The cost of not reducing, however, is greater. Policy passed in Workers’ Liberty’s 2008 conference said the following: “Our general policy is for direct progressive taxation, summed up by the slogan: ‘Tax the rich’.

“Indirect taxation is almost always regressive (anti-egalitarian – because poorer people pay more as a proportion of their income) and elitist (entrenching certain forms of consumption as the exclusive preserve of the rich).

“We don’t rule out the use of indirect taxes on particularly polluting activities and products but we should only promote them where alternative policies (regulatory and infrastructural measures and subsidies for greener alternatives) are not practical and where the likely effect is a change towards less polluting consumption patterns rather than simply raising the cost of living for working class people or preventing working-class access to travel, leisure, culture etc. We do not see indirect taxation as an instinctive first response to carbon pollution.

“Almost half of journeys by air in Europe are now less than 500km. For many such relatively short journeys, air travel is now much cheaper than rail, despite being ten times as polluting. That is in part due to the low rate of taxation on air travel. There is no tax on aviation fuel, and it costs about $800 per metric tonne, as against about $3000 for petrol in the UK or $1000 in the USA, and $400 for bunker (shipping) fuel.

“We demand policies that would have the effect of replacing short-hop air travel with rail and coach travel. Primarily, this means improving and expanding rail and coach networks and regulation limiting air travel, including bans on flights if less-polluting, viable, alternative transport is available. Taxes on short-hop flights could be part of such a policy and we don’t necessarily oppose them, but we shouldn’t make them our priority demand…

“Our attitude towards rationing is basically the same as towards taxation: acceptable only where there is no better alternative but not the basis for a general strategy to resolve global warming. Rationing is more equitable than regressive taxation, though the rich will usually have access to a grey market. It is in addition highly bureaucratic. We are opposed to individual carbon rationing, which would be unworkably complex.”

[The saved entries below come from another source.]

definition multiwedge :: "(nat \<Rightarrow> 'a topology) \<Rightarrow> nat \<Rightarrow> (nat \<Rightarrow> ((nat \<Rightarrow> 'a) \<Rightarrow> real) set)
     \<Rightarrow> ((nat \<Rightarrow> 'a) \<times> (nat \<Rightarrow> real)) set \<Rightarrow> bool" where
  "multiwedge Xs p Fs M \<longleftrightarrow>
     (\<exists>\<xi>1 \<xi>2. (\<forall>i<p. \<xi>1 i \<in> Fs i \<and> \<xi>2 i \<in> Fs i) \<and>
        M = {(x, t) \<in> dom_layer Xs p.
               \<forall>i<p. (restrict x {..<Suc i}, t i) \<in> wedge (Xle Xs (Suc i)) (\<xi>1 i) (\<xi>2 i)})"

definition minimal_multiwedge where
  "minimal_multiwedge Xs p Fs M \<longleftrightarrow>
     multiwedge Xs p Fs M \<and> M \<noteq> {} \<and>
     (\<forall>M'. multiwedge Xs p Fs M' \<and> M' \<noteq> {} \<and> M' \<subseteq> M \<longrightarrow> M' = M)"

definition layered :: "(nat \<Rightarrow> 'a topology) \<Rightarrow> nat \<Rightarrow> ((nat \<Rightarrow> 'a) \<times> (nat \<Rightarrow> real) \<Rightarrow> 'b) \<Rightarrow> bool" where
  "layered Xs p \<gamma> \<longleftrightarrow>
     (\<exists>Fs. ascending_lc Xs p Fs \<and>
        (\<forall>M. minimal_multiwedge Xs p Fs M \<longrightarrow> (\<exists>c. \<forall>z\<in>M. \<gamma> z = c)))"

These basic principles remain correct and we have opposed expansion of Heathrow’s third runway. Rectifying the absurdity of flights generally being cheaper than trains, even for short distances, would help reduce air travel. Currently, it can even often be cheaper to holiday in a country several hours flight away, where everything costs less, than elsewhere in the country or a neighbouring country.

Environmentalists sometimes dismiss life-quality impact of transitions as secondary in the face of the impending climate crisis. Yet to bring about the transitions democratically requires tackling these issues head on, not hoping to impose a more austere existence on humanity.

Marx wrote that “development of the productive forces is the absolutely necessary practical premise [of Communism], because without it want is generalized, and with want the struggle for necessities begins again, and that means that all the old crap must revive.” Socialism requires a society able to deliver a sufficient quality of life to its members to undercut this struggle for necessities, and to empower them to seriously participate in its democratic functioning.

The degeneration of the isolated and attacked Russian revolution, building on an underdeveloped economy, provides a stark vindication of this concern. The brutal exploitative class society that developed within Stalinist Russia was at least as environmentally destructive as its western capitalist counterparts. Luckily, we do not face such a catch-22. A high quality of life is fully compatible with environmentalism.